(Stored items)
lemma block_has_far_forcing_vertex:
  assumes g: "graph V E" and conn: "connected_on E V" and S: "connected_forcing_set V E S"
    and d: "descends_to E V r d" and B: "is_block V E B" and card: "3 \<le> card B"
  shows "\<exists>x\<in>S \<inter> B. \<exists>u\<in>B. d u < d x"
proof -
  obtain x1 x2 where x12: "x1 \<in> S \<inter> B" "x2 \<in> S \<inter> B" "x1 \<noteq> x2"
    using connected_forcing_set_meets_block_twice[OF g conn B card S] by blast
  obtain p where p: "p \<in> B" "\<forall>u\<in>B. d p \<le> d u"
    using ex_has_least_nat[of "\<lambda>u. u \<in> B" x1 d] x12(1) by blast
  obtain x where "x \<in> S \<inter> B" "x \<noteq> p" using x12 by blast
  then show ?thesis using block_nearest_vertex_unique[OF B d p] p(1) by blast
qed

lemma finite_blocks: "finite V \<Longrightarrow> finite {B. is_block V E B \<and> P B}"
  by (rule finite_subset[of _ "Pow V"]) (auto simp: is_block_def)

§ **About this task**:
Your answer must be an exact transcription of all the data above.

§ **Solution**:
lemma block_has_far_forcing_vertex:
  assumes g: "graph V E" and conn: "connected_on E V" and S: "connected_forcing_set V E S"
    and d: "descends_to E V r d" and B: "is_block V E B" and card: "3 \<le> card B"
  shows "\<exists>x\<in>S \<inter> B. \<exists>u\<in>B. d u < d x"
proof -
  obtain x1 x2 where x12: "x1 \<in> S \<inter> B" "x2 \<in> S \<inter> B" "x1 \<noteq> x2"
    using connected_forcing_set_meets_block_twice[OF g conn B card S] by blast
  obtain p where p: "p \<in> B" "\<forall>u\<in>B. d p \<le> d u"
    using ex_has_least_nat[of "\<lambda>u. u \<in> B" x1 d] x12(1) by blast
  obtain x where "x \<in> S \<inter> B" "x \<noteq> p" using x12 by blast
  then show ?thesis using block_nearest_vertex_unique[OF B d p] p(1) by blast
qed

lemma finite_blocks: "finite V \<Longrightarrow> finite {B. is_block V E B \<and> P B}"
  by (rule finite_subset[of _ "Pow V"]) (auto simp: is_block_def)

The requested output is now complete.